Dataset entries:
(* Let $n \ge 3$ and let $\vec{x} = [x_t]_{t=0}^{n-1}$ and $\vec{q} = [q_t]_{t=0}^{n-1}$ be real-valued sequences, with discrete Fourier transforms $\vec{X}$ and $\vec{Q}$ defined by $$X_f = \frac{1}{\sqrt{n}} \sum_{t=0}^{n-1} x_t e^{-j 2\pi t f / n}, \qquad Q_f = \frac{1}{\sqrt{n}} \sum_{t=0}^{n-1} q_t e^{-j 2\pi t f / n}, \qquad f = 0, 1, \ldots, n-1,$$ where $j = \sqrt{-1}$. Let $D(\vec{x},\vec{q}) = \left(\sum_{t=0}^{n-1} |x_t - q_t|^2\right)^{1/2}$ be the Euclidean distance, and let $\epsilon > 0$. Let $k$ be an integer with $1 \le k < n/2$. If $D(\vec{x},\vec{q}) < \epsilon$, then $|X_0 - Q_0| < \epsilon$ and $$|X_f - Q_f| < \frac{\epsilon}{\sqrt{2}} \qquad \text{for all } f = 1, \ldots, k.$$ In particular, the axis-parallel box in the feature space of the first $k+1$ DFT coefficients that is centered at $(Q_0, Q_1, \ldots, Q_k)$ and has side $2\epsilon$ in the coordinate of $X_0$ and side $\sqrt{2}\,\epsilon$ in each real coordinate of $X_1, \ldots, X_k$ contains $(X_0, X_1, \ldots, X_k)$ for every $\vec{x}$ with $D(\vec{x},\vec{q}) < \epsilon$.
   Context: The time sequences are real-valued. The real coordinates of a complex coefficient $X_f$ are its real and imaginary parts. For a real-valued sequence, $X_0$ is a real number. *)

theory Defs
  imports Complex_Main
begin

definition dft :: "nat \<Rightarrow> (nat \<Rightarrow> real) \<Rightarrow> nat \<Rightarrow> complex" where
  "dft n x f = complex_of_real (1 / sqrt (real n)) *
     (\<Sum>t<n. complex_of_real (x t) *
        exp (- \<i> * complex_of_real (2 * pi * real t * real f / real n)))"

definition eucl_dist :: "nat \<Rightarrow> (nat \<Rightarrow> real) \<Rightarrow> (nat \<Rightarrow> real) \<Rightarrow> real" where
  "eucl_dist n x q = sqrt (\<Sum>t<n. \<bar>x t - q t\<bar> ^ 2)"

end

theory Submission
  imports Defs "HOL-Analysis.Analysis"
begin

text \<open>Write \<open>d = x - q\<close>; by linearity \<open>X\<^sub>f - Q\<^sub>f\<close> is the DFT of \<open>d\<close>, and
  \<open>n |X\<^sub>f - Q\<^sub>f|\<^sup>2 = A\<^sup>2 + B\<^sup>2\<close>, where \<open>A\<close>, \<open>B\<close> are the inner products of \<open>d\<close> with the
  cosine and sine vectors \<open>c\<close>, \<open>s\<close> of frequency \<open>f\<close>. If \<open>|\<alpha> c + \<beta> s|\<^sup>2 \<le> N (\<alpha>\<^sup>2 + \<beta>\<^sup>2)\<close>
  for all \<open>\<alpha>, \<beta>\<close>, then Cauchy-Schwarz applied to \<open>A\<^sup>2 + B\<^sup>2 = \<langle>d, A c + B s\<rangle>\<close> gives
  \<open>A\<^sup>2 + B\<^sup>2 \<le> N |d|\<^sup>2\<close>. Since \<open>(\<alpha> cos \<phi> + \<beta> sin \<phi>)\<^sup>2 \<le> \<alpha>\<^sup>2 + \<beta>\<^sup>2\<close>,
  \<open>N = n\<close> always works. If \<open>n\<close> does not divide \<open>2f\<close>,
  as for \<open>1 \<le> f < n/2\<close>, then \<open>c\<close> and \<open>s\<close> are orthogonal of squared norm \<open>n/2\<close>, because
  the \<open>n\<close>-th roots of unity \<open>exp(4\<pi>itf/n)\<close> sum to zero; so \<open>N = n/2\<close>, which is the
  factor \<open>1/\<surd>2\<close>.\<close>

lemma sum_cis_roots_of_unity_eq_0:
  assumes "\<not> n dvd m"
  shows "(\<Sum>t<n. cis (2 * pi * real t * real m / real n)) = 0"
proof (cases "n = 0")
  case False
  define \<omega> where "\<omega> = cis (2 * pi * real m / real n)"
  have "\<omega> \<noteq> 1"
    using complex_root_unity_eq_1[of n m] False assms
    by (simp add: \<omega>_def cis_conv_exp mult_ac)
  moreover have "\<omega> ^ n = 1"
    \<comment> \<open>qualified: HOL-Analysis shadows \<open>DeMoivre\<close> by a version for \<open>cos z + \<i> sin z\<close>\<close>
    unfolding \<omega>_def Complex.DeMoivre using False by simp
  moreover have "(\<Sum>t<n. cis (2 * pi * real t * real m / real n)) = (\<Sum>t<n. \<omega> ^ t)"
    by (simp add: \<omega>_def Complex.DeMoivre mult_ac)
  ultimately show ?thesis
    by (simp add: geometric_sum)
qed simp

lemma sq_cos_sin_comb_le:
  fixes \<alpha> \<beta> x :: real
  shows "(\<alpha> * cos x + \<beta> * sin x)\<^sup>2 \<le> \<alpha>\<^sup>2 + \<beta>\<^sup>2"
proof -
  have "(\<alpha> * cos x + \<beta> * sin x)\<^sup>2 + (\<alpha> * sin x - \<beta> * cos x)\<^sup>2
        = (\<alpha>\<^sup>2 + \<beta>\<^sup>2) * ((sin x)\<^sup>2 + (cos x)\<^sup>2)"
    by algebra
  then show ?thesis
    by (metis le_add_same_cancel1 mult.right_neutral sin_cos_squared_add zero_le_power2)
qed

lemma sum_sq_cos_sin_comb_dft_angles:
  fixes \<alpha> \<beta> :: real
  assumes "\<not> n dvd 2 * f"
  shows "(\<Sum>t<n. (\<alpha> * cos (2 * pi * real t * real f / real n)
                  + \<beta> * sin (2 * pi * real t * real f / real n))\<^sup>2)
         = real n / 2 * (\<alpha>\<^sup>2 + \<beta>\<^sup>2)"
proof -
  define \<theta> where "\<theta> t = 2 * pi * real t * real f / real n" for t
  have double: "2 * \<theta> t = 2 * pi * real t * real (2 * f) / real n" for t
    by (simp add: \<theta>_def)
  have roots: "(\<Sum>t<n. cis (2 * \<theta> t)) = 0"
    unfolding double by (rule sum_cis_roots_of_unity_eq_0[OF assms])
  have cos_sum: "(\<Sum>t<n. cos (2 * \<theta> t)) = 0"
    using arg_cong[OF roots, of Re] by simp
  have sin_sum: "(\<Sum>t<n. sin (2 * \<theta> t)) = 0"
    using arg_cong[OF roots, of Im] by simp
  have "(\<alpha> * cos (\<theta> t) + \<beta> * sin (\<theta> t))\<^sup>2
        = (\<alpha>\<^sup>2 + \<beta>\<^sup>2) / 2 + (\<alpha>\<^sup>2 - \<beta>\<^sup>2) / 2 * cos (2 * \<theta> t) + \<alpha> * \<beta> * sin (2 * \<theta> t)" for t
    using sin_cos_squared_add[of "\<theta> t"] unfolding cos_double sin_double by algebra
  then have "(\<Sum>t<n. (\<alpha> * cos (\<theta> t) + \<beta> * sin (\<theta> t))\<^sup>2)
        = real n / 2 * (\<alpha>\<^sup>2 + \<beta>\<^sup>2) + (\<alpha>\<^sup>2 - \<beta>\<^sup>2) / 2 * (\<Sum>t<n. cos (2 * \<theta> t))
          + \<alpha> * \<beta> * (\<Sum>t<n. sin (2 * \<theta> t))"
    by (simp add: sum.distrib sum_distrib_left)
  also have "\<dots> = real n / 2 * (\<alpha>\<^sup>2 + \<beta>\<^sup>2)"
    by (simp add: cos_sum sin_sum)
  finally show ?thesis
    by (simp only: \<theta>_def)
qed

lemma analysis_bound_of_synthesis_bound:
  fixes c s d :: "'a \<Rightarrow> real"
  assumes synthesis: "\<And>\<alpha> \<beta>. (\<Sum>t\<in>T. (\<alpha> * c t + \<beta> * s t)\<^sup>2) \<le> N * (\<alpha>\<^sup>2 + \<beta>\<^sup>2)"
  shows "(\<Sum>t\<in>T. d t * c t)\<^sup>2 + (\<Sum>t\<in>T. d t * s t)\<^sup>2 \<le> N * (\<Sum>t\<in>T. (d t)\<^sup>2)"
proof -
  define A where "A = (\<Sum>t\<in>T. d t * c t)"
  define B where "B = (\<Sum>t\<in>T. d t * s t)"
  have "N \<ge> 0"
    using synthesis[of 1 0] sum_nonneg[of T "\<lambda>t. (c t)\<^sup>2"] by simp
  have "(A\<^sup>2 + B\<^sup>2)\<^sup>2 = (\<Sum>t\<in>T. d t * (A * c t + B * s t))\<^sup>2"
    by (simp add: A_def B_def power2_eq_square algebra_simps sum.distrib sum_distrib_left)
  also have "\<dots> \<le> (\<Sum>t\<in>T. (d t)\<^sup>2) * (\<Sum>t\<in>T. (A * c t + B * s t)\<^sup>2)"
    by (rule Cauchy_Schwarz_ineq_sum)
  also have "\<dots> \<le> (\<Sum>t\<in>T. (d t)\<^sup>2) * (N * (A\<^sup>2 + B\<^sup>2))"
    by (intro mult_left_mono synthesis sum_nonneg) simp
  finally have "(A\<^sup>2 + B\<^sup>2) * (A\<^sup>2 + B\<^sup>2) \<le> (N * (\<Sum>t\<in>T. (d t)\<^sup>2)) * (A\<^sup>2 + B\<^sup>2)"
    by (simp add: power2_eq_square mult_ac)
  moreover have "0 \<le> N * (\<Sum>t\<in>T. (d t)\<^sup>2)"
    using \<open>N \<ge> 0\<close> by (simp add: sum_nonneg)
  moreover have "0 \<le> A\<^sup>2 + B\<^sup>2"
    by simp
  ultimately show ?thesis
    unfolding A_def[symmetric] B_def[symmetric]
    by (cases "A\<^sup>2 + B\<^sup>2 = 0") (auto simp: mult_le_cancel_right)
qed

lemma cmod_dft_sq:
  "(cmod (dft n d f))\<^sup>2 =
     ((\<Sum>t<n. d t * cos (2 * pi * real t * real f / real n))\<^sup>2
      + (\<Sum>t<n. d t * sin (2 * pi * real t * real f / real n))\<^sup>2) / real n"
proof -
  have "dft n d f = complex_of_real (1 / sqrt (real n)) *
          (\<Sum>t<n. complex_of_real (d t) * cis (- (2 * pi * real t * real f / real n)))"
    by (simp add: dft_def cis_conv_exp)
  then have "Re (dft n d f) = (\<Sum>t<n. d t * cos (2 * pi * real t * real f / real n)) / sqrt (real n)"
    and "Im (dft n d f) = - (\<Sum>t<n. d t * sin (2 * pi * real t * real f / real n)) / sqrt (real n)"
    by (simp_all add: sum_negf)
  then show ?thesis
    by (simp add: cmod_power2 power_divide add_divide_distrib)
qed

lemma cmod_dft_sq_le: "(cmod (dft n d f))\<^sup>2 \<le> (\<Sum>t<n. (d t)\<^sup>2)"
proof -
  have "(\<Sum>t<n. d t * cos (2 * pi * real t * real f / real n))\<^sup>2
        + (\<Sum>t<n. d t * sin (2 * pi * real t * real f / real n))\<^sup>2 \<le> real n * (\<Sum>t<n. (d t)\<^sup>2)"
  proof (rule analysis_bound_of_synthesis_bound)
    fix \<alpha> \<beta> :: real
    have "(\<Sum>t<n. (\<alpha> * cos (2 * pi * real t * real f / real n)
                  + \<beta> * sin (2 * pi * real t * real f / real n))\<^sup>2) \<le> (\<Sum>t<n. \<alpha>\<^sup>2 + \<beta>\<^sup>2)"
      by (intro sum_mono sq_cos_sin_comb_le)
    then show "(\<Sum>t<n. (\<alpha> * cos (2 * pi * real t * real f / real n)
                  + \<beta> * sin (2 * pi * real t * real f / real n))\<^sup>2) \<le> real n * (\<alpha>\<^sup>2 + \<beta>\<^sup>2)"
      by simp
  qed
  then show ?thesis
    by (cases "n = 0") (simp_all add: cmod_dft_sq field_simps)
qed

lemma cmod_dft_sq_le_half:
  assumes "\<not> n dvd 2 * f"
  shows "(cmod (dft n d f))\<^sup>2 \<le> (\<Sum>t<n. (d t)\<^sup>2) / 2"
proof -
  have "(\<Sum>t<n. d t * cos (2 * pi * real t * real f / real n))\<^sup>2
        + (\<Sum>t<n. d t * sin (2 * pi * real t * real f / real n))\<^sup>2 \<le> real n / 2 * (\<Sum>t<n. (d t)\<^sup>2)"
    by (rule analysis_bound_of_synthesis_bound) (simp add: sum_sq_cos_sin_comb_dft_angles[OF assms])
  then show ?thesis
    by (cases "n = 0") (simp_all add: cmod_dft_sq field_simps)
qed

lemma dft_diff: "dft n x f - dft n q f = dft n (\<lambda>t. x t - q t) f"
  by (simp add: dft_def left_diff_distrib right_diff_distrib sum_subtractf)

lemma cmod_dft_diff_le_eucl_dist: "cmod (dft n x f - dft n q f) \<le> eucl_dist n x q"
  unfolding dft_diff eucl_dist_def by (rule real_le_rsqrt) (simp add: cmod_dft_sq_le)

lemma cmod_dft_diff_le_eucl_dist_half:
  assumes "\<not> n dvd 2 * f"
  shows "cmod (dft n x f - dft n q f) \<le> eucl_dist n x q / sqrt 2"
  unfolding dft_diff eucl_dist_def real_sqrt_divide[symmetric]
  by (rule real_le_rsqrt) (use cmod_dft_sq_le_half[OF assms, of "\<lambda>t. x t - q t"] in simp)

theorem mainTheorem1:
  fixes n k :: nat and x q :: "nat \<Rightarrow> real" and \<epsilon> :: real
  assumes "n \<ge> 3"
    and "\<epsilon> > 0"
    and "1 \<le> k" and "real k < real n / 2"
    and "eucl_dist n x q < \<epsilon>"
  shows "cmod (dft n x 0 - dft n q 0) < \<epsilon>
       \<and> (\<forall>f\<in>{1..k}. cmod (dft n x f - dft n q f) < \<epsilon> / sqrt 2)
       \<and> \<bar>Re (dft n x 0) - Re (dft n q 0)\<bar> < \<epsilon>
       \<and> (\<forall>f\<in>{1..k}. \<bar>Re (dft n x f) - Re (dft n q f)\<bar> < \<epsilon> / sqrt 2
                     \<and> \<bar>Im (dft n x f) - Im (dft n q f)\<bar> < \<epsilon> / sqrt 2)"
proof -
  have coeff0: "cmod (dft n x 0 - dft n q 0) < \<epsilon>"
    using cmod_dft_diff_le_eucl_dist assms(5) by (rule le_less_trans)
  have coeff: "cmod (dft n x f - dft n q f) < \<epsilon> / sqrt 2" if "f \<in> {1..k}" for f
  proof -
    have "0 < 2 * f" "2 * f < n"
      using that assms(4) by auto
    then have "\<not> n dvd 2 * f"
      by (auto dest: dvd_imp_le)
    then have "cmod (dft n x f - dft n q f) \<le> eucl_dist n x q / sqrt 2"
      by (rule cmod_dft_diff_le_eucl_dist_half)
    also have "\<dots> < \<epsilon> / sqrt 2"
      using assms(5) by (simp add: divide_strict_right_mono)
    finally show ?thesis .
  qed
  have "\<bar>Re a - Re b\<bar> \<le> cmod (a - b)" "\<bar>Im a - Im b\<bar> \<le> cmod (a - b)" for a b
    using abs_Re_le_cmod[of "a - b"] abs_Im_le_cmod[of "a - b"] by simp_all
  with coeff0 coeff show ?thesis
    by (meson le_less_trans)
qed

end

■ Exercise description: There is a run of lines above from the one with "2 + (\<alpha>\<^sup>2" to the one with "fixes c s d"; print exactly that run, both ends included, and nothing else.

■ Task answer:
        = (\<alpha>\<^sup>2 + \<beta>\<^sup>2) / 2 + (\<alpha>\<^sup>2 - \<beta>\<^sup>2) / 2 * cos (2 * \<theta> t) + \<alpha> * \<beta> * sin (2 * \<theta> t)" for t
    using sin_cos_squared_add[of "\<theta> t"] unfolding cos_double sin_double by algebra
  then have "(\<Sum>t<n. (\<alpha> * cos (\<theta> t) + \<beta> * sin (\<theta> t))\<^sup>2)
        = real n / 2 * (\<alpha>\<^sup>2 + \<beta>\<^sup>2) + (\<alpha>\<^sup>2 - \<beta>\<^sup>2) / 2 * (\<Sum>t<n. cos (2 * \<theta> t))
          + \<alpha> * \<beta> * (\<Sum>t<n. sin (2 * \<theta> t))"
    by (simp add: sum.distrib sum_distrib_left)
  also have "\<dots> = real n / 2 * (\<alpha>\<^sup>2 + \<beta>\<^sup>2)"
    by (simp add: cos_sum sin_sum)
  finally show ?thesis
    by (simp only: \<theta>_def)
qed

lemma analysis_bound_of_synthesis_bound:
  fixes c s d :: "'a \<Rightarrow> real"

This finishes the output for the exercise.